Something like that... I got it from another forum. Perhaps a mathematician can explain what happened more clearly.

you divided something by 0...

[MKJ]

did you short circuit the quadratic by doing that division, thus castrating off one of the two possible solutions (1 and 0)?

No, he simply factored (x^2-1) and then ignored that fact that unless you're in a modular number system, 1 cannot equal 0.

its like blizzard's 0.999~ == 1 april's fools joke

[Pext]

did you short circuit the quadratic by doing that division, thus castrating off one of the two possible solutions (1 and 0)?

No, he simply factored (x^2-1) and then ignored that fact that unless you're in a modular number system, 1 cannot equal 0.

no... not really.

the 1=0 part only comes by dividing by x-1 = 1-1 = 0

[Pext]

did you short circuit the quadratic by doing that division, thus castrating off one of the two possible solutions (1 and 0)?

No, he simply factored (x^2-1) and then ignored that fact that unless you're in a modular number system, 1 cannot equal 0.

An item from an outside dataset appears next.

(* Let $G$ be a group with a finite generating set $S$, equipped with the word metric $d_S$, and suppose $G$ acts transitively by isometries on a metric space $M$. Fix a basepoint $x_0 \in M$. Suppose that $M$ has asymptotic property C and that there is an integer $n \ge 0$ such that for every $R > 0$, the quasi-stabilizer $W_R(x_0)$ (with the metric restricted from $d_S$) has asymptotic dimension at most $n$. Then $G$ (with the metric $d_S$) has asymptotic property C.
   Context: The word metric on $G$ with respect to the finite generating set $S$ is $d_S(g,h) = $ the length of a shortest word in $S \cup S^{-1}$ representing $g^{-1}h$; it is left-invariant. A family $\mathcal{F}$ of subsets of a metric space $X$ is uniformly bounded if there is $R>0$ with $\mathrm{diam}(F) < R$ for all $F \in \mathcal{F}$; for $r>0$, $\mathcal{F}$ is $r$-disjoint if $d(F_1,F_2) > r$ for all distinct $F_1, F_2 \in \mathcal{F}$. A metric space $X$ has asymptotic dimension at most $n$ if for every $r>0$ there exist $n+1$ uniformly bounded, $r$-disjoint families $\mathcal{F}_0,\dots,\mathcal{F}_n$ of subsets of $X$ whose union covers $X$. A metric space $X$ has asymptotic property C if for every sequence of real numbers $0<r_0<r_1<\cdots$ there exist $m \in \mathbb{N}$ and uniformly bounded families $\mathcal{F}_0,\dots,\mathcal{F}_m$ of subsets of $X$ such that each $\mathcal{F}_i$ is $r_i$-disjoint and $\bigcup_{i=0}^m \mathcal{F}_i$ covers $X$. For a group $G$ acting by isometries on $M$, $x \in M$ and $R>0$, the $R$-quasi-stabilizer of $x$ is $W_R(x) = \{ g \in G \mid d_M(x, gx) \le R\}$. *)

theory Defs
  imports "HOL-Analysis.Analysis" "HOL-Algebra.Group_Action" "HOL-Algebra.Generated_Groups"
begin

its like blizzard's 0.999~ == 1 april's fools joke

hell yes... ppl still think it's wrong.

[Nightshade]

did you short circuit the quadratic by doing that division, thus castrating off one of the two possible solutions (1 and 0)?

No, he simply factored (x^2-1) and then ignored that fact that unless you're in a modular number system, 1 cannot equal 0.

no... not really.

the 1=0 part only comes by dividing by x-1 = 1-1 = 0

If you're still dealing with the variable and not the number, what I said is correct. At that point it's still a valid algebraic operation.

[Underpants?]

What is the task? It sounds like person B doesn't know what the fuck hes doing. person A would be the one doing all the work, while person B flops around like a mongaloid and screws shit up.

assgasm0 speaks the truth this man is funny.